*** Opening Records shown ***

lemma k_edge_colorable_insert:
  assumes "k_edge_colorable k F ends" "finite F" "e \<notin> F"
    and "card {f\<in>F. ends f \<inter> ends e \<noteq> {}} < k"
  shows "k_edge_colorable k (insert e F) ends"
proof -
  obtain c where c: "proper_edge_coloring k F ends c"
    using assms(1) k_edge_colorable_iff by blast
  let ?used = "c ` {f\<in>F. ends f \<inter> ends e \<noteq> {}}"
  have "card ?used < card {..<k}"
    using assms(4) card_image_le[of "{f\<in>F. ends f \<inter> ends e \<noteq> {}}" c] assms(2) by simp
  then have "\<not> {..<k} \<subseteq> ?used"
    using assms(2) by (auto dest: card_mono[rotated])
  then obtain j where "j < k" "j \<notin> ?used" by auto
  then have "proper_edge_coloring k (insert e F) ends (c(e := j))"
    by (intro proper_edge_coloring_insert[OF c assms(3)]) auto
  then show ?thesis using k_edge_colorable_iff by blast
qed

lemma k_edge_colorable_pendant:
  assumes "k_edge_colorable k (F - {e}) ends" "finite F" "e \<in> F"
    and "{f\<in>F. x \<in> ends f} = {e}" "ends e = {x, y}" "degree F ends y \<le> k"
  shows "k_edge_colorable k F ends"
proof -
  have "{f\<in>F - {e}. ends f \<inter> ends e \<noteq> {}} = {f\<in>F - {e}. y \<in> ends f}"
    using assms(4,5) by auto
  moreover have "degree F ends y = degree (F - {e}) ends y + 1"
    using degree_remove[OF assms(2,3), of ends y] assms(5) by simp
  ultimately have "card {f\<in>F - {e}. ends f \<inter> ends e \<noteq> {}} < k"
    using assms(6) unfolding degree_def by simp
  then have "k_edge_colorable k (insert e (F - {e})) ends"
    using assms(1,2) by (intro k_edge_colorable_insert) auto
  then show ?thesis using assms(3) by (simp add: insert_absorb)
qed
(* Fix an integer $\ell\ge 1$. Then for all $p=O(n)$, $D^p(\textsc{Sub}(C_{2\ell+1}))=\tilde O(n^2/p)$.
   Context: $C_k$ is the cycle on $k$ vertices. Insertion-only streaming model: the edges of an $n$-vertex undirected input graph $G$ arrive as a stream in arbitrary order; the algorithm knows $n$, makes $p$ passes, and has $S$ bits of memory. $\textsc{Sub}(H)$: decide whether $G$ contains $H$ as a subgraph and if so output the vertex set of a copy. $D^p(\Pi)$ is the minimum space of a deterministic $p$-pass streaming algorithm solving $\Pi$. $\tilde O$ hides polylogarithmic factors in $n$. *)

theory Defs
  imports Complex_Main
begin

definition is_edge :: "nat \<Rightarrow> nat set \<Rightarrow> bool" where
  "is_edge n e \<longleftrightarrow> (\<exists>u v. u \<noteq> v \<and> u < n \<and> v < n \<and> e = {u, v})"

definition cycle_copy :: "nat \<Rightarrow> nat set set \<Rightarrow> (nat \<Rightarrow> nat) \<Rightarrow> bool" where
  "cycle_copy k G f \<longleftrightarrow> inj_on f {0..<k} \<and>
     (\<forall>i<k. {f i, f (Suc i mod k)} \<in> G)"

text \<open>A deterministic streaming algorithm: (init, step, between, out).
  init is the initial memory state, step i q e the state after reading edge e
  in pass i from state q, between i q the (arbitrary) computation done at the
  start of pass i, out the final output (None = no copy, Some V = vertex set).\<close>
type_synonym stream_alg =
  "nat \<times> (nat \<Rightarrow> nat \<Rightarrow> nat set \<Rightarrow> nat) \<times> (nat \<Rightarrow> nat \<Rightarrow> nat) \<times> (nat \<Rightarrow> nat set option)"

*** Closing Records shown ***

→ **Problem requirements**
What is needed is an exact copy of the line containing "G f \<longleftrightarrow>" and each line after it, through the final line of the entries above.

→ **Solution**
  "cycle_copy k G f \<longleftrightarrow> inj_on f {0..<k} \<and>
     (\<forall>i<k. {f i, f (Suc i mod k)} \<in> G)"

text \<open>A deterministic streaming algorithm: (init, step, between, out).
  init is the initial memory state, step i q e the state after reading edge e
  in pass i from state q, between i q the (arbitrary) computation done at the
  start of pass i, out the final output (None = no copy, Some V = vertex set).\<close>
type_synonym stream_alg =
  "nat \<times> (nat \<Rightarrow> nat \<Rightarrow> nat set \<Rightarrow> nat) \<times> (nat \<Rightarrow> nat \<Rightarrow> nat) \<times> (nat \<Rightarrow> nat set option)"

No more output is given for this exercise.